HStreamDB clients and HStreamDB servers communicate with each other using messages formatted with Protocol Buffers using gRPC.
The format of messages for sending requests and receiving responses is specified in the hstream.proto
file.
To implement the HStreamDB client library, developers should have basic knowledge of how to implement a gRPC client.
The gRPC documents have some sections for learning gRPC basics.
Client libraries should support URL schemes hstream://
and hstreams://
(HStream with SSL/TLS).
When using a URL without a port specified, it is expected to use the default HStream server port 6570
.
To send data to HStreamDB:
- client needs to be able to handle basic streams management jobs, as streams are the unit for sending data to HStreamDB
- client needs to establish producers, which are usually buffered for incoming records
The hstream.proto
file defines the basic operations for client libraries to adapt:
rpc CreateStream
, rpc DeleteStream
, and rpc ListStreams
.
The exposed API for the user should take three arguments: which stream to write to, the data record, and the partition key (which is optional).
A producer is an abstraction for appending to streams. The request to append to streams always makes many records in batch and sends out them at once. So an object (in programming languages) with a buffer for incoming records is used for this task.
It is recommended to implement the producer API that a producer is bound to only the given streams during its initialization, that is, a producer will always write to the same stream during its lifetime.

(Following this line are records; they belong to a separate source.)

lemma units_mod_2_power_generated:
  fixes n :: nat
  assumes "k > 0" "coprime n (2 ^ k)"
  shows "\<exists>x0 x1. [n = 5 ^ x0 * (2 ^ k - 1) ^ x1] (mod 2 ^ k)"
proof (cases "k = 1")
  case True
  with assms(2) show ?thesis by (intro exI[of _ 0]) (auto simp: cong_def odd_iff_mod_2_eq_one)
next
  case False
  with \<open>k > 0\<close> have "k \<ge> 2" by simp
  define h where "h = (2::nat) ^ k - 1"
  have "odd n" using assms by simp
  hence "n mod 4 = 1 \<or> n mod 4 = 3" by presburger
  thus ?thesis
  proof
    assume "n mod 4 = 1"
    then obtain i where "[n = 5 ^ i] (mod 2 ^ k)" using cong_power_5_mod_2_power[OF \<open>k \<ge> 2\<close>] by blast
    hence "[n = 5 ^ i * h ^ 0] (mod 2 ^ k)" by simp
    thus ?thesis unfolding h_def by blast
  next
    assume "n mod 4 = 3"
    have "(2::nat) ^ k = 2 ^ 2 * 2 ^ (k - 2)" by (metis \<open>k \<ge> 2\<close> le_add_diff_inverse power_add)
    hence "h + 1 = 4 * 2 ^ (k - 2)" by (simp add: h_def)
    hence "h mod 4 = 3" by presburger
    with \<open>n mod 4 = 3\<close> have "(n * h) mod 4 = 1" by (simp add: mod_mult_eq[symmetric])
    then obtain i where i: "[n * h = 5 ^ i] (mod 2 ^ k)"
      using cong_power_5_mod_2_power[OF \<open>k \<ge> 2\<close>] by blast
    have "[n = n * h * h] (mod 2 ^ k)"
      using cong_mult[OF cong_refl[of n] cong_2_power_minus_1_squared[OF \<open>k > 0\<close>]]
      by (simp add: h_def power2_eq_square mult.assoc cong_sym)
    also have "[n * h * h = 5 ^ i * h ^ 1] (mod 2 ^ k)" using cong_mult[OF i cong_refl] by simp
    finally show ?thesis unfolding h_def by blast
  qed
qed

lemma two_generated_units_2_power:
  assumes "k > 0"
  shows "two_generated_units (2 ^ k) (\<lambda>j. if j = 0 then 5 else 2 ^ k - 1) (\<lambda>j. if j = 0 then 2 ^ (k - 1) else 2)"
proof -
  have "[(5::nat) ^ totient (2 ^ k) = 1] (mod 2 ^ k)" by (intro euler_theorem) simp
  moreover have "totient ((2::nat) ^ k) = 2 ^ (k - 1)"
    using totient_prime_power[OF two_is_prime_nat \<open>k > 0\<close>] by simp
  moreover have "(2::nat) ^ (k - 1) * 2 \<le> 2 ^ k" using \<open>k > 0\<close> by (cases k) auto
  ultimately show ?thesis
    using cong_2_power_minus_1_squared[OF \<open>k > 0\<close>] units_mod_2_power_generated[OF \<open>k > 0\<close>]
    by (simp add: two_generated_units_def)
qed

lemma two_generated_units_prime_power:
  assumes "prime p" "k > 0"
  shows "\<exists>g e. two_generated_units (p ^ k) g e"
proof (cases "p = 2")
  case True
  with two_generated_units_2_power[OF assms(2)] show ?thesis by blast
next
  case False
  hence "odd p" using assms(1) primes_dvd_imp_eq two_is_prime_nat by blast
  with two_generated_units_odd_prime_power assms show ?thesis by blast
qed

lemma coprime_prime_powers:
  fixes p p' :: nat
  shows "prime p \<Longrightarrow> prime p' \<Longrightarrow> p \<noteq> p' \<Longrightarrow> coprime (p ^ a) (p' ^ b)"
  using primes_coprime[of p p'] by simp

lemma cong_if_cong_prime_power_factors:
  fixes m x y :: nat
  assumes "m > 0" and "\<And>p. p \<in> prime_factors m \<Longrightarrow> [x = y] (mod p ^ multiplicity p m)"
  shows "[x = y] (mod m)"
proof -
  have "[x = y] (mod (\<Prod>p\<in>prime_factors m. p ^ multiplicity p m))"
    using assms(2) by (intro coprime_cong_prod_nat coprime_prime_powers) auto
  thus ?thesis using prime_factorization_nat[OF \<open>m > 0\<close>] by simp
qed

lemma generated_by_crt_lifts:
  fixes m n :: nat and g :: "nat \<Rightarrow> nat \<Rightarrow> nat" and b :: "nat \<times> nat \<Rightarrow> nat"
  assumes "m > 0"
    and local: "\<And>p. p \<in> prime_factors m \<Longrightarrow>
      \<exists>x0 x1. [n = g p 0 ^ x0 * g p 1 ^ x1] (mod p ^ multiplicity p m)"
    and lift: "\<And>i p. i \<in> prime_factors m \<times> {0, 1} \<Longrightarrow> p \<in> prime_factors m \<Longrightarrow>
      [b i = (if p = fst i then g (fst i) (snd i) else 1)] (mod p ^ multiplicity p m)"
  shows "\<exists>x. [n = (\<Prod>i\<in>prime_factors m \<times> {0, 1}. b i ^ x i)] (mod m)"
proof -
  define I where "I = prime_factors m \<times> {0::nat, 1}"
  obtain x0 x1 where x: "\<And>p. p \<in> prime_factors m \<Longrightarrow>
      [n = g p 0 ^ x0 p * g p 1 ^ x1 p] (mod p ^ multiplicity p m)"
    using local by metis
  define x where "x i = (if snd i = 0 then x0 (fst i) else x1 (fst i))" for i :: "nat \<times> nat"
  have "[n = (\<Prod>i\<in>I. b i ^ x i)] (mod m)"
  proof (rule cong_if_cong_prime_power_factors[OF \<open>m > 0\<close>])
    fix p assume p: "p \<in> prime_factors m"
    define h where "h i = (if p = fst i then g (fst i) (snd i) else 1) ^ x i" for i
    have "[(\<Prod>i\<in>I. b i ^ x i) = (\<Prod>i\<in>I. h i)] (mod p ^ multiplicity p m)"
      unfolding h_def I_def using lift p by (intro cong_prod cong_pow)
    also have "(\<Prod>i\<in>I. h i) = (\<Prod>i\<in>{(p, 0), (p, 1)}. h i)"
      using p by (intro prod.mono_neutral_right) (auto simp: I_def h_def)
    also have "\<dots> = g p 0 ^ x0 p * g p 1 ^ x1 p" by (simp add: h_def x_def)
    finally show "[n = (\<Prod>i\<in>I. b i ^ x i)] (mod p ^ multiplicity p m)"
      using x[OF p] by (metis cong_sym cong_trans)
  qed
  thus ?thesis unfolding I_def by blast
qed

text \<open>Generators of the prime-power unit groups are lifted to units modulo \<open>m\<close> by the Chinese
  remainder theorem: \<open>b (p, j)\<close> is the \<open>j\<close>-th generator for \<open>p\<close> modulo the \<open>p\<close>-part of \<open>m\<close>
  and \<open>1\<close> modulo the rest.\<close>
lemma units_mod_generated:
  fixes m :: nat
  assumes "m > 0"
  shows "\<exists>(I :: (nat \<times> nat) set) b e. finite I \<and> card I = 2 * card (prime_factors m) \<and>
           (\<forall>i\<in>I. e i > 0 \<and> [b i ^ e i = 1] (mod m)) \<and> prod e I \<le> m \<and>
           (\<forall>n. coprime n m \<longrightarrow> (\<exists>x. [n = (\<Prod>i\<in>I. b i ^ x i)] (mod m)))"
proof -
  define P where "P = prime_factors m"
  define q where "q p = p ^ multiplicity p m" for p
  define I where "I = P \<times> {0::nat, 1}"
  have "finite P" by (simp add: P_def)
  have q_coprime: "\<forall>p\<in>P. \<forall>p'\<in>P. p \<noteq> p' \<longrightarrow> coprime (q p) (q p')"
    unfolding q_def P_def by (blast intro: coprime_prime_powers in_prime_factors_imp_prime)
  have "\<forall>p\<in>P. \<exists>g e. two_generated_units (q p) g e"
    by (auto simp: q_def P_def prime_factors_multiplicity intro: two_generated_units_prime_power)
  then obtain g e where ge: "\<And>p. p \<in> P \<Longrightarrow> two_generated_units (q p) (g p) (e p)"
    by metis
  have "\<forall>i\<in>I. \<exists>x. \<forall>p\<in>P. [x = (if p = fst i then g (fst i) (snd i) else 1)] (mod q p)"
    by (intro ballI chinese_remainder_nat[OF \<open>finite P\<close> q_coprime])
  then obtain b where b: "\<And>i p. i \<in> I \<Longrightarrow> p \<in> P \<Longrightarrow>
      [b i = (if p = fst i then g (fst i) (snd i) else 1)] (mod q p)"
    by metis
  define e' where "e' i = e (fst i) (snd i)" for i
  have e'_pos: "e' i > 0" if "i \<in> I" for i
    using ge[of "fst i"] that by (auto simp: I_def e'_def two_generated_units_def)
  have b_order: "[b i ^ e' i = 1] (mod m)" if "i \<in> I" for i
  proof (rule cong_if_cong_prime_power_factors[OF \<open>m > 0\<close>], fold q_def P_def)
    fix p assume "p \<in> P"
    have "[b i ^ e' i = (if p = fst i then g (fst i) (snd i) else 1) ^ e' i] (mod q p)"
      using b[OF that \<open>p \<in> P\<close>] by (rule cong_pow)
    also have "[(if p = fst i then g (fst i) (snd i) else 1) ^ e' i = 1] (mod q p)"
      using ge[of "fst i"] that by (auto simp: I_def e'_def two_generated_units_def)
    finally show "[b i ^ e' i = 1] (mod q p)" .
  qed
  have generated: "\<exists>x. [n = (\<Prod>i\<in>I. b i ^ x i)] (mod m)" if "coprime n m" for n
    unfolding I_def P_def
  proof (rule generated_by_crt_lifts[OF \<open>m > 0\<close>, where g = g])
    fix p assume "p \<in> prime_factors m"
    hence "coprime n (q p)" using \<open>coprime n m\<close> by (auto simp: q_def in_prime_factors_iff)
    thus "\<exists>x0 x1. [n = g p 0 ^ x0 * g p 1 ^ x1] (mod p ^ multiplicity p m)"
      using ge \<open>p \<in> prime_factors m\<close> by (auto simp: two_generated_units_def P_def q_def)
  qed (use b in \<open>simp add: I_def P_def q_def\<close>)
  have "prod e' I = (\<Prod>p\<in>P. \<Prod>j\<in>{0::nat, 1}. e p j)"
    unfolding I_def e'_def prod.cartesian_product by (rule prod.cong) auto
  also have "\<dots> \<le> (\<Prod>p\<in>P. q p)"
    using ge by (intro prod_mono) (auto simp: two_generated_units_def)
  also have "\<dots> = m" using prime_factorization_nat[OF \<open>m > 0\<close>] by (simp add: P_def q_def)
  finally have "prod e' I \<le> m" .
  moreover have "finite I" "card I = 2 * card (prime_factors m)"
    using \<open>finite P\<close> by (simp_all add: I_def P_def card_cartesian_product)
  ultimately show ?thesis using e'_pos b_order generated by blast
qed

All data in streams are in the form of an HStream Record. There are two kinds of HStream Records:
- HRecord: one thinks of an HRecord as a piece of JSON data, just like the document in some NoSQL databases
- Raw Record: arbitrary binary data
In the Protocol Buffers, they got serialized as google.protobuf.Struct
and bytes
, respectively.
Partition keys are optional. If not given, the server will automatically assign a default key. Records with the same partition key should be guaranteed to be written orderly by buffered producers.
The buffer of a buffered producer is of the type map<partition_key, list<list<record>>>
.
That is a map of lists of lists of records, indexed by partition keys.
The action of sending records to the HStreamDB server by the rpc Append
and clearing the records in the buffer is called flush.
The inner list of records is the unit of sending rpc Append
as a batch. If the head buffer of the list is full, a producer will
push the latter record into the tail of the next buffer.
When the head element of the list of lists is full, the producer should flush the head buffer of the list asynchronously.
Buffers of different partition keys can get flushed concurrently, but for the same partition key, one should await for the former
request done and then send the next rpc Append
request. So that records with the same partition key are guaranteed to be written orderly by buffered producers.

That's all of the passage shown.